Question

Three taps A, B and C can fill a tank in 12, 15 and 20 hours respectively. If tap A is open all the time and tap B and tap C are open for one hour each alternately, the tank will be filled in

• A. 7 hours
• B. 6 hours
• C. 5 hours
• D. None of these

Hint:

For problems involving multiple taps, work out the rate of filling for each tap and combine the rates of all taps accordingly.

Answer 1

The Correct Option is A

Let the total capacity of the tank be 1 unit (i.e., the tank is completely filled when the total capacity is reached).
Rate of filling:
- Tap A fills the tank in 12 hours, so the rate of tap A is \( \frac{1}{12} \) of the tank per hour.
- Tap B fills the tank in 15 hours, so the rate of tap B is \( \frac{1}{15} \) of the tank per hour.
- Tap C fills the tank in 20 hours, so the rate of tap C is \( \frac{1}{20} \) of the tank per hour. Filling pattern:
- Tap A is open all the time.
- Tap B and Tap C are opened alternately for 1 hour each.
In 2 hours:
- In the first hour, tap A and tap B are open. The amount of water filled is: \[ \text{Water filled in 1st hour} = \frac{1}{12} + \frac{1}{15} = \frac{5}{60} + \frac{4}{60} = \frac{9}{60} = \frac{3}{20} \] - In the second hour, tap A and tap C are open.
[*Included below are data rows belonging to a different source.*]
lemma sized_mtyping_split_at:
  assumes "sized_mtyping Gu u (G k) m" "env_le (env_and G1 G2) G"
  obtains Ga Gb ma mb where "sized_mtyping Ga u (G1 k) ma" "sized_mtyping Gb u (G2 k) mb"
    "env_le (env_and Ga Gb) Gu" "ma + mb \<le> m"
proof (rule sized_mtyping_subsetE[OF assms(1)])
  show "G1 k + G2 k \<subseteq># G k"
    using assms(2) by (simp add: env_le_def env_and_def)
qed

lemma sized_typing_subst_Var:
  assumes "s \<in># G x" "sized_mtyping Gu u (G k) m"
  shows "\<exists>n'. sized_typing (env_and (env_drop k G) Gu) (subst (Var x) k u) s n' \<and> n' \<le> 1 + m"
proof (cases "x = k")
  case True
  with assms(1) obtain R where "G k = add_mset s R"
    by (metis multi_member_split)
  with assms(2) obtain G1 G2 n1 n2 where "sized_typing G1 u s n1" "sized_mtyping G2 u R n2"
    "env_le (env_and G1 G2) Gu" "m = n1 + n2"
    by (metis sized_mtyping_add_msetE)
  then have "sized_typing (env_and (env_drop k G) Gu) u s n1"
    by (meson env_le_and_left env_le_and_right env_le_trans sized_typing_weaken(1))
  then show ?thesis using True \<open>m = n1 + n2\<close> by auto
next
  case False
  let ?y = "if k < x then x - 1 else x"
  have "s \<in># env_and (env_drop k G) Gu ?y"
    using assms(1) False by (auto simp: env_drop_def env_and_def)
  then have "sized_typing (env_and (env_drop k G) Gu) (Var ?y) s 1"
    by (rule sized_var)
  then show ?thesis using False by auto
qed

lemma sized_typing_subst:
  "sized_typing G t s n \<Longrightarrow> sized_mtyping Gu u (G k) m \<Longrightarrow>
    \<exists>n'. sized_typing (env_and (env_drop k G) Gu) (subst t k u) s n' \<and> n' \<le> n + m"
  "sized_mtyping G t A n \<Longrightarrow> sized_mtyping Gu u (G k) m \<Longrightarrow>
    \<exists>n'. sized_mtyping (env_and (env_drop k G) Gu) (subst t k u) A n' \<and> n' \<le> n + m"
proof (induction arbitrary: k u Gu m and k u Gu m rule: sized_typing_sized_mtyping.inducts)
  case (sized_var s G x)
  then show ?case by (rule sized_typing_subst_Var)
next
  case (sized_abs G M t s n)
  have "sized_mtyping (env_ext Gu {#}) (lift 0 u) (env_ext G M (Suc k)) m"
    using sized_mtyping_lift0[OF sized_abs.prems] by (simp add: env_ext_def)
  from sized_abs.IH[OF this] obtain n' where
    "sized_typing (env_ext (env_and (env_drop k G) Gu) M) (subst t (Suc k) (lift 0 u)) s n'"
    "n' \<le> n + m"
    by (auto simp: env_drop_ext env_and_ext)
  then show ?case by (auto intro: sized_typing_sized_mtyping.sized_abs)
next
  case (sized_app L A G1 t n1 B G2 u1 n2 G3 r s n3 G)
  from sized_app.prems sized_app.hyps(6) obtain Ga G23 ma m23 where
    a: "sized_mtyping Ga u (G1 k) ma" and bc: "sized_mtyping G23 u (env_and G2 G3 k) m23"
    and Gu: "env_le (env_and Ga G23) Gu" and m: "ma + m23 \<le> m"
    by (rule sized_mtyping_split_at)
  from bc env_le_refl obtain Gb Gc mb mc where
    b: "sized_mtyping Gb u (G2 k) mb" and c: "sized_mtyping Gc u (G3 k) mc"
    and G23: "env_le (env_and Gb Gc) G23" and m23: "mb + mc \<le> m23"
    by (rule sized_mtyping_split_at)
  from sized_app.IH(1)[OF a] obtain n1' where
    t: "sized_mtyping (env_and (env_drop k G1) Ga) (subst t k u) A n1'" "n1' \<le> n1 + ma"
    by blast
  from sized_app.IH(2)[OF b] obtain n2' where
    u: "sized_mtyping (env_and (env_drop k G2) Gb) (subst u1 k u) B n2'" "n2' \<le> n2 + mb"
    by blast
  have "sized_mtyping (env_ext Gc {#}) (lift 0 u) (env_ext G3 (mset (map snd L)) (Suc k)) mc"
    using sized_mtyping_lift0[OF c] by (simp add: env_ext_def)
  from sized_app.IH(3)[OF this] obtain n3' where
    r: "sized_typing (env_ext (env_and (env_drop k G3) Gc) (mset (map snd L)))
      (subst r (Suc k) (lift 0 u)) s n3'" "n3' \<le> n3 + mc"
    by (auto simp: env_drop_ext env_and_ext)
  have "env_le (env_and (env_and (env_drop k G1) Ga)
      (env_and (env_and (env_drop k G2) Gb) (env_and (env_drop k G3) Gc))) (env_and (env_drop k G) Gu)"
    using env_le_trans[OF env_and_mono[OF env_le_refl env_le_drop_interchange[OF env_le_refl G23]]
        env_le_drop_interchange[OF sized_app.hyps(6) Gu]] .
  from sized_typing_sized_mtyping.sized_app[OF sized_app.hyps(1) t(1) sized_app.hyps(3) u(1) r(1) this]
  show ?case using t(2) u(2) r(2) m m23 by (intro exI[of _ "Suc (n1' + n2' + n3')"]) simp
next
  case (sized_nil G t)
  show ?case using sized_typing_sized_mtyping.sized_nil by blast
next
  case (sized_cons G1 t s n G2 A n' G)
  from sized_cons.prems sized_cons.hyps(3) obtain Ga Gb ma mb where
    a: "sized_mtyping Ga u (G1 k) ma" and b: "sized_mtyping Gb u (G2 k) mb"
    and Gu: "env_le (env_and Ga Gb) Gu" and m: "ma + mb \<le> m"
    by (rule sized_mtyping_split_at)
  from sized_cons.IH(1)[OF a] obtain n1 where
    t: "sized_typing (env_and (env_drop k G1) Ga) (subst t k u) s n1" "n1 \<le> n + ma"
    by blast
  from sized_cons.IH(2)[OF b] obtain n2 where
    ts: "sized_mtyping (env_and (env_drop k G2) Gb) (subst t k u) A n2" "n2 \<le> n' + mb"
    by blast
  from sized_typing_sized_mtyping.sized_cons[OF t(1) ts(1)
      env_le_drop_interchange[OF sized_cons.hyps(3) Gu]]
  show ?case using t(2) ts(2) m by (intro exI[of _ "n1 + n2"]) simp
qed

lemma sized_typing_plug_Lam_subst:
  "sized_typing G (plug D (Lam t)) (Arr M s) n \<Longrightarrow> sized_mtyping Gu u M m \<Longrightarrow>
    \<exists>n'. sized_typing (env_and G Gu) (plug D (subst t 0 ((lift 0 ^^ depth D) u))) s n' \<and> n' \<le> n + m"
proof (induction D arbitrary: G n Gu u m)
  case Hole
  from Hole.prems(1) obtain n0 where t: "sized_typing (env_ext G M) t s n0" and n: "n = Suc n0"
    by (auto elim: sized_typing_LamE)
  have "sized_mtyping Gu u (env_ext G M 0) m"
    using Hole.prems(2) by (simp add: env_ext_def)
  from sized_typing_subst(1)[OF t this] n show ?case
    by (auto simp: env_drop_0_ext)
next
  case (CApp t1 u1 D)
  from CApp.prems(1) obtain L A G1 n1 B G2 n2 G3 n3 where
    h: "is_ch (mset (map (\<lambda>p. Arr (fst p) (snd p)) L)) A" "sized_mtyping G1 t1 A n1"
    "is_ch (sum_list (map fst L)) B" "sized_mtyping G2 u1 B n2"
    and r: "sized_typing (env_ext G3 (mset (map snd L))) (plug D (Lam t)) (Arr M s) n3"
    and G: "env_le (env_and G1 (env_and G2 G3)) G" and n: "n = Suc (n1 + n2 + n3)"
    by (auto elim: sized_typing_AppE)
  from CApp.IH[OF r sized_mtyping_lift0[OF CApp.prems(2)]] obtain n3' where
    "sized_typing (env_ext (env_and G3 Gu) (mset (map snd L)))
      (plug D (subst t 0 ((lift 0 ^^ Suc (depth D)) u))) s n3'" "n3' \<le> n3 + m"
    by (auto simp: env_and_ext funpow_Suc_right simp del: funpow.simps)
  moreover have "env_le (env_and G1 (env_and G2 (env_and G3 Gu))) (env_and G Gu)"
    using env_and_mono[OF G env_le_refl] by (simp add: env_and_assoc)
  ultimately show ?case
    using sized_typing_sized_mtyping.sized_app[OF h] n by fastforce
qed

lemma sized_mtyping_plug_Lam_subst:
  "sized_mtyping G1 (plug D (Lam t)) (mset (map (\<lambda>p. Arr (fst p) (snd p)) L)) n1 \<Longrightarrow>
    sized_mtyping G2 u (sum_list (map fst L)) n2 \<Longrightarrow>
    \<exists>n. sized_mtyping (env_and G1 G2) (plug D (subst t 0 ((lift 0 ^^ depth D) u)))
      (mset (map snd L)) n \<and> n \<le> n1 + n2"
proof (induction L arbitrary: G1 G2 n1 n2)
  case Nil
  show ?case by (intro exI[of _ 0]) (simp add: sized_nil)
next
  case (Cons p L)
  from Cons.prems(1) obtain Ga Gb na nb where
    a: "sized_typing Ga (plug D (Lam t)) (Arr (fst p) (snd p)) na"
    and b: "sized_mtyping Gb (plug D (Lam t)) (mset (map (\<lambda>p. Arr (fst p) (snd p)) L)) nb"
    and G1: "env_le (env_and Ga Gb) G1" and n1: "n1 = na + nb"
    by (auto elim: sized_mtyping_add_msetE)
  from Cons.prems(2) obtain Gc Gd nc nd where
    c: "sized_mtyping Gc u (fst p) nc" and d: "sized_mtyping Gd u (sum_list (map fst L)) nd"
    and G2: "env_le (env_and Gc Gd) G2" and n2: "n2 = nc + nd"
    by (auto elim: sized_mtyping_plusE)
  let ?X = "plug D (subst t 0 ((lift 0 ^^ depth D) u))"
  from sized_typing_plug_Lam_subst[OF a c] Cons.IH[OF b d] obtain nx ny where
    "sized_typing (env_and Ga Gc) ?X (snd p) nx" "nx \<le> na + nc"
    "sized_mtyping (env_and Gb Gd) ?X (mset (map snd L)) ny" "ny \<le> nb + nd"
    by blast
  moreover have "env_le (env_and (env_and Ga Gc) (env_and Gb Gd)) (env_and G1 G2)"
    by (rule env_le_and_interchange[OF G1 G2])
  ultimately show ?case
    using sized_typing_sized_mtyping.sized_cons n1 n2 by fastforce
qed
The amount of water filled is: \[ \text{Water filled in 2nd hour} = \frac{1}{12} + \frac{1}{20} = \frac{5}{60} + \frac{3}{60} = \frac{8}{60} = \frac{2}{15} \] So, in 2 hours, the total water filled is: \[ \frac{3}{20} + \frac{2}{15} = \frac{9}{60} + \frac{8}{60} = \frac{17}{60} \] Total time to fill the tank: Now, we need to calculate how many such 2-hour cycles are needed to fill the tank. Let’s calculate how many cycles are needed to fill the tank. The total amount of water filled after \( x \) cycles is: \[ \frac{17}{60} \times x = 1 \] Solving for \( x \): \[ x = \frac{60}{17} \approx 3.53 \quad \text{(approximately 3 full cycles and part of the 4th cycle)} \] Since each cycle takes 2 hours, the total time taken to fill the tank is approximately: \[ 2 \times 3.53 = 7.06 \, \text{hours} \] So, the tank will be filled in approximately 7 hours. Thus, the correct answer is (1) 7 hours.